Brower I, 93 F. Supp.2d at 1089. The Ninth Circuit subsequently affirmed, finding that the Secretary was required to affirmatively find that the fishery either was or was not having a significant adverse impact, and could not rely on "insufficient evidence" to default to a finding of no significant adverse impact. Brower II, 257 F.3d at 1066-67. Such an approach, it reasoned, would discourage proactive fact-finding and research:
For example, the Secretary could deliberately drag his feet in commencing studies or while conducting studies and then conclude there was insufficient evidence to warrant finding a significant adverse impact on the ETP dolphin stocks. Similarly, the Secretary could limit the studies' breadth and then discover that there was insufficient evidence to warrant finding a significant adverse impact on the ETP dolphin stocks.
Id. at 1067. The Ninth Circuit further found that the Secretary had failed without justification to obtain and consider preliminary data from any of the mandated stress research projects, and that all of the available evidence indicated that dolphins were adversely impacted by the fishery. Id. at 1068-71. Accordingly, the Secretary had acted contrary to law and abused his discretion in making the initial finding. Id. at 1071.

  E. The Final Finding

  In preparation for the final finding, the Department of Commerce's National Oceanic and Atmospheric Administration ("NOAA") Fisheries, also referred to as the National Marine Fisheries Services ("NMFS"), expanded its dolphin research program through its Southwest Fisheries Science Center in La Jolla, California. AR 861 at 5519-20. The program, which was developed in consultation with the MMC and the IATTC, underwent extensive peer review through the Center of Independent Experts, and resulted in "a substantial body of information" including:
dolphin abundance data, fishery mortality estimates, a review of scientific literature on stress in marine mammals, results from a necropsy study of dolphins killed in the fishery, a review of historical demographic and biological data related to dolphins involved in the fishery, results from an experiment involving the repeated chasing and capturing of dolphins, and information regarding variability in the biological and physical features of the ETP ecosystem over time.
AR 861 at 5518, 5520. This effort culminated in NOAA's peer reviewed, September 17, 2002 "Report of the Scientific Research Program under the International Dolphin Conservation Program Act" (hereafter "Final Science Report" or "FSR"). AR 861.

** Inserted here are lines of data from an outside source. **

lemma eval_bounded:
  fixes M :: "('a::complete_space, 'f, 'r) struc"
  assumes M: "is_structure L M"
  shows "wf_fml L \<phi> \<Longrightarrow> \<exists>B. \<forall>e. \<bar>eval M e \<phi>\<bar> \<le> B"
proof (induction \<phi>)
  case One
  then show ?case by auto
next
  case (Dist s t)
  have "dist x y \<le> 1" for x y :: 'a
    using M by (simp add: is_structure_def)
  then show ?case by auto
next
  case (Rel R ts)
  obtain B where "\<forall>xs. length xs = rarity L R \<longrightarrow> \<bar>rels M R xs\<bar> \<le> B"
    using rels_bounded[OF M] by blast
  with Rel have "\<bar>eval M e (Rel R ts)\<bar> \<le> B" for e
    by simp
  then show ?case by blast
next
  case (Plus \<phi> \<psi>)
  then obtain B B' where "\<forall>e. \<bar>eval M e \<phi>\<bar> \<le> B" "\<forall>e. \<bar>eval M e \<psi>\<bar> \<le> B'"
    by auto
  then have "\<bar>eval M e (Plus \<phi> \<psi>)\<bar> \<le> B + B'" for e
    by (simp add: abs_triangle_ineq order_trans[OF abs_triangle_ineq] add_mono)
  then show ?case by blast
next
  case (Scal c \<phi>)
  then obtain B where "\<forall>e. \<bar>eval M e \<phi>\<bar> \<le> B"
    by auto
  then have "\<bar>eval M e (Scal c \<phi>)\<bar> \<le> \<bar>c\<bar> * B" for e
    by (simp add: abs_mult mult_left_mono)
  then show ?case by blast
next
  case (Sup x \<phi>)
  then obtain B where "\<forall>e. \<bar>eval M e \<phi>\<bar> \<le> B"
    by auto
  then show ?case by (auto intro: abs_cSUP_le)
next
  case (Inf x \<phi>)
  then obtain B where "\<forall>e. \<bar>eval M e \<phi>\<bar> \<le> B"
    by auto
  then show ?case by (auto intro: abs_cINF_le)
next
  case (Min \<phi> \<psi>)
  then obtain B B' where B: "\<And>e. \<bar>eval M e \<phi>\<bar> \<le> B" and B': "\<And>e. \<bar>eval M e \<psi>\<bar> \<le> B'"
    by auto
  have "\<bar>eval M e (Min \<phi> \<psi>)\<bar> \<le> max B B'" for e
    using B[of e] B'[of e] by (auto simp: abs_le_iff min_def max_def)
  then show ?case by blast
next
  case (Max \<phi> \<psi>)
  then obtain B B' where B: "\<And>e. \<bar>eval M e \<phi>\<bar> \<le> B" and B': "\<And>e. \<bar>eval M e \<psi>\<bar> \<le> B'"
    by auto
  have "\<bar>eval M e (Max \<phi> \<psi>)\<bar> \<le> max B B'" for e
    using B[of e] B'[of e] by (auto simp: abs_le_iff min_def max_def)
  then show ?case by blast
qed

lemma bdd_below_range_eval:
  fixes M :: "('a::complete_space, 'f, 'r) struc"
  assumes "is_structure L M" "wf_fml L \<phi>"
  shows "bdd_below (range (\<lambda>c. eval M (h c) \<phi>))"
proof -
  obtain B where "\<forall>e. \<bar>eval M e \<phi>\<bar> \<le> B"
    using eval_bounded[OF assms] by blast
  then show ?thesis
    by (intro bdd_belowI[of _ "-B"]) (auto simp: abs_le_iff minus_le_iff)
qed

definition affine_fmls :: "('f, 'r) lang \<Rightarrow> nat set \<Rightarrow> ('f, 'r) fml set" where
  "affine_fmls L V = {\<psi>. wf_fml L \<psi> \<and> affine \<psi> \<and> fv \<psi> \<subseteq> V}"

lemma affine_fmls_intros:
  "One \<in> affine_fmls L V"
  "\<phi> \<in> affine_fmls L V \<Longrightarrow> \<psi> \<in> affine_fmls L V \<Longrightarrow> Plus \<phi> \<psi> \<in> affine_fmls L V"
  "\<phi> \<in> affine_fmls L V \<Longrightarrow> Scal r \<phi> \<in> affine_fmls L V"
  "\<phi> \<in> affine_fmls L (insert x V) \<Longrightarrow> Inf x \<phi> \<in> affine_fmls L V"
  by (auto simp: affine_fmls_def)

definition affine_agree ::
  "('f, 'r) lang \<Rightarrow> ('a::metric_space, 'f, 'r) struc \<Rightarrow> ('b::metric_space, 'f, 'r) struc \<Rightarrow>
   nat set \<Rightarrow> (nat \<Rightarrow> 'a) \<Rightarrow> (nat \<Rightarrow> 'b) \<Rightarrow> bool" where
  "affine_agree L M N V e e' \<longleftrightarrow> (\<forall>\<psi>\<in>affine_fmls L V. eval M e \<psi> = eval N e' \<psi>)"

lemma affine_agree_sym: "affine_agree L M N V e e' \<Longrightarrow> affine_agree L N M V e' e"
  unfolding affine_agree_def by auto

lemma affine_defs1_subset_image_affine_fmls:
  "affine_defs1 L M (e ` (V - {x})) \<subseteq> (\<lambda>\<psi> b. eval M (e(x := b)) \<psi>) ` affine_fmls L (insert x V)"
proof
  fix f assume "f \<in> affine_defs1 L M (e ` (V - {x}))"
  then obtain \<phi> g where f: "f = (\<lambda>b. eval M (g(0 := b)) \<phi>)" and \<phi>: "wf_fml L \<phi>" "affine \<phi>"
    and g: "\<forall>v\<in>fv \<phi>. v \<noteq> 0 \<longrightarrow> g v \<in> e ` (V - {x})"
    unfolding affine_defs1_def by blast
  define \<sigma> where "\<sigma> v = (if v = 0 then x else (SOME w. w \<in> V - {x} \<and> e w = g v))" for v
  have \<sigma>0: "\<sigma> 0 = x"
    by (simp add: \<sigma>_def)
  have \<sigma>: "\<sigma> v \<in> V - {x} \<and> e (\<sigma> v) = g v" if v: "v \<in> fv \<phi>" "v \<noteq> 0" for v
  proof -
    obtain w where "w \<in> V - {x}" "g v = e w"
      using g v by blast
    then have "\<exists>w. w \<in> V - {x} \<and> e w = g v"
      by auto
    from someI_ex[OF this] show ?thesis
      using v(2) by (simp add: \<sigma>_def)
  qed
  have "\<sigma> v \<in> insert x V" if "v \<in> fv \<phi>" for v
    using \<sigma>0 \<sigma>[OF that] by (cases "v = 0") auto
  then have "fv (rename \<sigma> \<phi>) \<subseteq> insert x V"
    using fv_rename[of \<sigma> \<phi>] by blast
  then have "rename \<sigma> \<phi> \<in> affine_fmls L (insert x V)"
    using \<phi> by (simp add: affine_fmls_def wf_fml_rename affine_rename)
  moreover have "eval M (e(x := b)) (rename \<sigma> \<phi>) = eval M (g(0 := b)) \<phi>" for b
    unfolding eval_rename
  proof (rule eval_cong)
    fix v assume "v \<in> fv \<phi>"
    then show "(e(x := b) \<circ> \<sigma>) v = (g(0 := b)) v"
      using \<sigma>0 \<sigma> by (cases "v = 0") auto
  qed
  ultimately show "f \<in> (\<lambda>\<psi> b. eval M (e(x := b)) \<psi>) ` affine_fmls L (insert x V)"
    unfolding f by (intro image_eqI[of _ _ "rename \<sigma> \<phi>"]) auto
qed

  In September 2002, NOAA also convened two expert panels: the Ecosystem Expert Panel (which examined whether changes to the ecosystem could be affecting dolphin populations in the ETP), and the Indirect Effects Panel (which examined whether stress or other indirect effects of the fishery could be affecting dolphin populations in the ETP). Panelists were nominated by the public, with the help of scientific and professional societies and were selected by a committee which included representatives from NOAA, the IATTC, the MMC, and an independent scientific body. AR 939 at 6034; AR 856. The five panelists on each panel were asked to provide individual comments based on peer-reviewed scientific information in the field and their own expertise. Id. In addition to the Final Science Report and the expert panelist opinions, the MMC and the IATTC also provided comments to the Secretary, as did members of the public.*fn3

  To further assist the Secretary in making the final finding, he adopted, after public comment, a formal decision-making framework referred to as the "Organized Decision Process" ("ODP"). 67 Fed. Reg. 54633 (Aug. 23, 2002); AR 817. The ODP directed the Secretary to consider and address four separate questions in making his final finding: (1) Ecosystem Question, (2) Direct Mortality Question, (3) Indirect Effects Question, and (4) Growth Rate Question. AR 817 at 5322-23. On December 31, 2002, the Secretary addressed these four questions and made his final finding, through his designee, Dr. William T. Hogarth, NOAA Assistant Administrator for Fisheries, that "the intentional deployment on or encirclement of dolphins with purse seine nets is not having a significant adverse effect on any depleted dolphin stock in the ETP." AR 939 at 6032. As a result of this final finding, the Secretary re-defined the term dolphin safe pursuant to the IDCPA. Whereas, previously, tuna caught using purse seine nets could not be labeled dolphin safe, now such tuna would be labeled dolphin safe so long as no dolphins were reported to have been "killed or seriously injured in the set in which the tuna was harvested." Id.; 16 U.S.C. § 1385(h)(1).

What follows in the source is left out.